1. Prose, Narrative Formula (Beginning, Middle, End), Current English Usage Conventions, Drama (Conflict, Resolution), Abstraction (Pseudophilosophical Metaphor),

*"resolving" the "self" in an artwork, whether by denial, futile attempts at further refining formal education, or

*[matters relating to the elimination of all extraneous stylistic trappings in favour of direct language aimed towards expressing content rather than the glorification of empty signifiers (?)

tears came to the witch's eyes as she beheld the masterpiece before her. "my childhood home!" she sobbed, "never have i witnessed such enchantment! o great and powerful sorcerer! may i - may i please see within?"

hansel&gretel nodded encouragingly. in a frenzy of excitement the witch flung open the door and threw herself into a deep furnace. when she was good and cooked, the wicked little cannibal wasted no time in eating her up. delicious.

AuntShecky
03-20-2013, 05:22 PM
Is there a reason for the lack of capitalization and bypassing the rules of grammar, e.g. noun/verb agreement? I was going to call you out on this line:

hansel&gretel were no ordinary child. in that "child" should be "children. Nevertheless even if we are supposed to see "hansel&gretel" as a singular unit, the verb should be "was."

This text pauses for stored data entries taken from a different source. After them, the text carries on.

lemma solutions_eq_if_bounded_in_past:
  assumes x: "\<And>n. x (n + 1) = g n (x n)" and y: "\<And>n. y (n + 1) = g n (y n)"
    and bounded: "\<And>n. n \<le> M \<Longrightarrow> N (x n - p) \<le> \<delta> \<and> N (y n - p) \<le> \<delta>"
  shows "x = y"
proof
  fix t
  define m where "m = min t (min M (n0 + 1))"
  have "N (x m - y m) \<le> \<theta> ^ i * (2 * \<delta>)" for i
  proof -
    let ?s = "m - int i"
    have s: "?s \<le> M" "?s + int i \<le> n0 + 1"
      by (auto simp: m_def min_def)
    have "x m = flow g ?s i (x ?s)" "y m = flow g ?s i (y ?s)"
      using solution_eq_flow[of x g ?s i] solution_eq_flow[of y g ?s i] x y by simp_all
    moreover have "N (flow g ?s i (x ?s) - flow g ?s i (y ?s)) \<le> \<theta> ^ i * N (x ?s - y ?s)"
      using bounded[of ?s] s by (intro flow_contraction) auto
    moreover have "N (x ?s - y ?s) \<le> N (x ?s - p) + N (p - y ?s)"
      by (rule N_triangle)
    then have "N (x ?s - y ?s) \<le> 2 * \<delta>"
      using bounded[OF s(1)] N_commute[of p "y ?s"] by simp
    then have "\<theta> ^ i * N (x ?s - y ?s) \<le> \<theta> ^ i * (2 * \<delta>)"
      using \<theta> by (intro mult_left_mono) auto
    ultimately show ?thesis
      by simp
  qed
  moreover have "(\<lambda>i. \<theta> ^ i * (2 * \<delta>)) \<longlonglongrightarrow> 0"
    using \<theta> by (simp add: LIMSEQ_power_zero tendsto_mult_left_zero)
  ultimately have "N (x m - y m) \<le> 0"
    using LIMSEQ_le_const by blast
  then have "x m = y m"
    by (simp add: N_le_0_iff)
  then show "x t = y t"
    using solutions_eq_forward[where x = x and y = y and g = g, OF x y, of m t] by (simp add: m_def)
qed

theorem entire_solution_unique: "\<exists>!x. (\<forall>n. x (n + 1) = g n (x n)) \<and> (x \<longlongrightarrow> p) at_bot"
proof (rule ex1I[of _ entire_solution])
  show "(\<forall>n. entire_solution (n + 1) = g n (entire_solution n)) \<and> (entire_solution \<longlongrightarrow> p) at_bot"
    using entire_solution_step entire_solution_tendsto by blast
next
  fix y
  assume y: "(\<forall>n. y (n + 1) = g n (y n)) \<and> (y \<longlongrightarrow> p) at_bot"
  then have "((\<lambda>n. N (y n - p)) \<longlongrightarrow> 0) at_bot"
    using tendsto_iff_N by blast
  then have "\<forall>\<^sub>F n in at_bot. N (y n - p) < \<delta>"
    by (rule order_tendstoD(2)) (rule \<delta>)
  then obtain M where M: "\<And>n. n \<le> M \<Longrightarrow> N (y n - p) \<le> \<delta>"
    unfolding eventually_at_bot_linorder by (meson less_imp_le)
  have "N (entire_solution n - p) \<le> \<delta>" if "n \<le> n0" for n
    using that defect_le by (auto simp: entire_solution_def intro!: pullback_limit_in_ball)
  then show "y = entire_solution"
    using y M by (intro solutions_eq_if_bounded_in_past[where M = "min M n0"])
      (auto simp: entire_solution_step)
qed

end

section \<open>Solutions converging to a stable fixed point in the past\<close>

lemma bounded_linear_partial: "bounded_linear (\<lambda>v. blinfun_apply F (v, 0))"
  by (intro bounded_linear_compose[OF blinfun.bounded_linear_right] bounded_linear_Pair
      bounded_linear_ident bounded_linear_zero)

lemma Dx_mult_vec: "(*v) (Dx f' z) = (\<lambda>v. blinfun_apply (f' z) (v, 0))"
  unfolding Dx_def by (rule matrix_vector_mul(3)[OF bounded_linear_partial])

lemma has_derivative_partial:
  assumes "\<And>z. (f has_derivative blinfun_apply (f' z)) (at z)"
  shows "((\<lambda>w. f (w, l)) has_derivative (\<lambda>v. f' (w, l) (v, 0))) (at w within S)"
proof -
  have "((\<lambda>w. (w, l)) has_derivative (\<lambda>v. (v, 0))) (at w within S)"
    by (intro has_derivative_Pair has_derivative_ident has_derivative_const)
  from has_derivative_compose[OF this assms] show ?thesis .
qed
(* Let $\Omega\subset\mathbb{R}^N$ be a bounded open set, $r>0$, $L>0$, $M_0\in\mathbb{N}$, $\omega$ a modulus of continuity, and let $K\in\mathcal{FR}(r,L,M_0,\omega)$ with a given decomposition. Then for every $x\in K$ and every $\bar r>0$ there exist $\bar s>0$, depending only on $r,L,M_0,\omega,\bar r$, and $y\in B_{\bar r/2}(x)\cap K$ such that $\mathrm{dist}(y,\mathrm{sing}(K))\ge\bar s$.
   Context: A modulus of continuity is a non-decreasing left-continuous $\omega:(0,\infty)\to(0,\infty)$ with $\omega(0^+)=0$. Let $\pi=\{y_N=0\}$, $\pi^+=\{y\in\pi:y_{N-1}\ge0\}$. A nonempty compact $K\subset\overline\Omega$ is a Lipschitz hypersurface with constants $r,L$ if for each $x\in K$ there is $\Phi_x:B_r(x)\to\mathbb{R}^N$ with $L^{-1}|z_1-z_2|\le|\Phi_x(z_1)-\Phi_x(z_2)|\le L|z_1-z_2|$, $\Phi_x(x)=0$, $\Phi_x(K\cap B_r(x))\subset\pi$; $x$ is interior if $B_\delta(0)\cap\pi\subset\Phi_x(K\cap B_r(x))$ for some $\delta>0$; $\mathrm{bdry}(K)$ = non-interior points. $\mathcal{MR}(r,L)$: such $K$ with $\Phi_x(K\cap B_r(x))=\Phi_x(B_r(x))\cap\pi^+$ for $x\in\mathrm{bdry}(K)$. $\mathcal{FR}(r,L,M_0)$: Lipschitz hypersurfaces with constants $r,L$ of the form $\bigcup_{j=1}^JH^j$, $H^j\in\mathcal{MR}(r,L)$, $J\le M_0$, with $\mathrm{sing}=\bigcup_j\mathrm{bdry}(H^j)$. $K\in\mathcal{FR}(r,L,M_0,\omega)$ if $K=\bigcup_{i=1}^MK^i$, $K^i\in\mathcal{FR}(r,L,M_0)$ with chosen decompositions, such that for each $i$ and $x\in K^i$ with $\mathrm{dist}(x,\mathrm{sing}(K^i))=\delta>0$, $\mathrm{dist}(x,\bigcup_{j\ne i}K^j)\ge\omega(\delta)$; $\mathrm{sing}(K)=\bigcup_i\mathrm{sing}(K^i)$. *)

theory Defs
  imports "HOL-Analysis.Analysis"
begin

Since yours fooly is an enthusiastic proponent of postmodernism, I think the idea and general execution are quite clever; alas, the structural errors (perhaps a deliberate
stylistic quirk?) detract from the overall comic effect.

Auntie

manuscript
03-20-2013, 05:52 PM
the reason for the lack of capitalisation is due to the fact that i have my own philosophies on grammar and usage, including that language is here for me, rather than me being here for it, and i can use it how i please. since this is a piece intended for a small rather than mass readership i hope its ok for me to indulge myself in sharing a few of my ideas with others who might enjoy them, rather than catering to the prescriptions of an establishment that will never take up my work in any case. however, point taken.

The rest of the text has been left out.